The manual says about "optimize table":

"Deleted rows are maintained in a linked list and subsequent INSERT operations reuse old row positions. You can use OPTIMIZE TABLE to reclaim the unused space and to defragment the data file."

So I'm guessing there will be some performance gain, even if the storage medium is SSD (as the linked list of deleted rows will be eliminated). OTOH (just guessing again) the performance gain will not be as significant as for an HDD, which would also benefit from faster sequential reading after running optimize.

So does it worth running optimize in this situation? Will the performance gain be significant enough to outweigh the decrease in SSD life expectancy (due to unnecessary rearranging the stored data)?. I'm talking about tables that are otherwise perfect candidate for optimize (having variable-length rows with frequent updates).


Solution 1:

You often will see SSD performance, even read performance, to be limited by the amount of the I/O operations per second maximum of your drive(s). Take the Intel X-25 E for instance - top read speeds of up to 250 MB/s but also a maximum of 35,000 read operations per second which results a top transfer rate of 140 MB/s for 4 KB blocks.

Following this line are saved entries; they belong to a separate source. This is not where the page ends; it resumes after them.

lemma unit_normal_of_slope_eq:
  assumes "cmod N = 1" "Im N < 0"
  shows "unit_normal_of_slope (Re N / - Im N) = N"
proof -
  obtain x y where N: "N = Complex x y" by (rule complex.exhaust)
  have y: "y < 0" and xy: "x\<^sup>2 + y\<^sup>2 = 1"
    using assms unfolding N by (simp_all add: cmod_def)
  then have "1 + (x / - y)\<^sup>2 = 1 / y\<^sup>2" by (simp add: field_simps power2_eq_square)
  then have "sqrt (1 + (x / - y)\<^sup>2) = - 1 / y" using y by (simp add: real_sqrt_divide)
  then have "unit_normal_of_slope (x / - y) = Complex (x / - y) (-1) / complex_of_real (- 1 / y)"
    unfolding unit_normal_of_slope_def by simp
  also have "\<dots> = Complex x y" using y by (simp add: complex_eq_iff field_simps)
  finally show ?thesis unfolding N by simp
qed

(* In the frame of the edge, in which Gam is the graph of gam and the edge normal is -i, the
   domain normals along the boundary arc point downwards and support the graph. *)
lemma edge_frame_normal:
  assumes ons: "outward_normal_sel \<Omega> nt" and ab: "a \<noteq> b"
    and fr: "\<And>x. x \<in> {0..cmod (b - a)} \<Longrightarrow> Gam gam a b x \<in> frontier \<Omega>"
    and close: "\<And>x. x \<in> {0..cmod (b - a)} \<Longrightarrow> cmod (onormal a b - nt (Gam gam a b x)) < 1"
  defines "N \<equiv> \<lambda>x. nt (Gam gam a b x) * cnj ((b - a) / cmod (b - a))"
  shows "\<And>x. nt (Gam gam a b x) = (b - a) / cmod (b - a) * N x"
    and "\<And>x. x \<in> {0..cmod (b - a)} \<Longrightarrow> cmod (N x) = 1"
    and "\<And>x. x \<in> {0..cmod (b - a)} \<Longrightarrow> Im (N x) < 0"
    and "\<And>x y. x \<in> {0..cmod (b - a)} \<Longrightarrow> y \<in> {0..cmod (b - a)} \<Longrightarrow>
      Re (N x) * (y - x) + Im (N x) * (gam (closed_segment a b) y - gam (closed_segment a b) x) \<le> 0"
proof -
  define u where "u = (b - a) / cmod (b - a)"
  have u: "cmod u = 1" using ab by (simp add: u_def norm_divide)
  then have "u * cnj u = 1" by (simp add: complex_norm_square[symmetric])
  then show nt_N: "nt (Gam gam a b x) = (b - a) / cmod (b - a) * N x" for x
    unfolding N_def u_def[symmetric] by (simp add: algebra_simps)
  show "cmod (N x) = 1" if "x \<in> {0..cmod (b - a)}" for x
    using ons fr[OF that] u unfolding outward_normal_sel_def N_def u_def[symmetric] by (simp add: norm_mult)
  show "Im (N x) < 0" if "x \<in> {0..cmod (b - a)}" for x
  proof -
    have "onormal a b = - \<i> * u" unfolding onormal_def u_def by simp
    then have "onormal a b - nt (Gam gam a b x) = u * (- \<i> - N x)"
      using nt_N[of x] unfolding u_def[symmetric] by (simp add: algebra_simps)
    then have "cmod (- \<i> - N x) < 1" using close[OF that] u by (simp add: norm_mult)
    moreover have "\<bar>Im (N x) + 1\<bar> \<le> cmod (- \<i> - N x)"
      using abs_Im_le_cmod[of "- \<i> - N x"] by (simp add: abs_minus_commute)
    ultimately show ?thesis by linarith
  qed
  define g where "g = gam (closed_segment a b)"
  show "Re (N x) * (y - x) + Im (N x) * (g y - g x) \<le> 0"
    if "x \<in> {0..cmod (b - a)}" "y \<in> {0..cmod (b - a)}" for x y
  proof -
    have "Gam gam a b y - Gam gam a b x = u * (of_real (y - x) + \<i> * of_real (g y - g x))"
      unfolding Gam_def u_def g_def by (simp add: algebra_simps)
    then have "inner (N x) (of_real (y - x) + \<i> * of_real (g y - g x))
        = inner (nt (Gam gam a b x)) (Gam gam a b y - Gam gam a b x)"
      by (simp add: nt_N inner_mult_unit[OF u] u_def[symmetric])
    also have "\<dots> \<le> 0"
      using that fr by (intro outward_normal_sel_closure[OF ons]) (auto simp: frontier_def)
    finally show ?thesis by (simp add: inner_complex_def)
  qed
qed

If your data is known to be non-contiguous and your typical reads would incur serial I/O load (i.e. you would see large request sizes in a non-fragmented database for your typical load), performance will benefit from running OPTIMIZE TABLE.

By far the easiest method of getting to know that is simply checking it out - run an OPTIMIZE TABLE command for your most-used tables, get your typical load read/write on it and check the average request size (avgrq-sz) using iostat -x /dev/<device>. If avgrq-sz is high ( > 32 sectors), you did benefit from the OPTIMIZE. If not, there is probably no need to bother in the future as your access pattern is rather random anyway.

Solution 2:

There is something else to consider when using OPTIMIZE TABLE

What Storage Engine are you using, MyISAM or InnoDB ???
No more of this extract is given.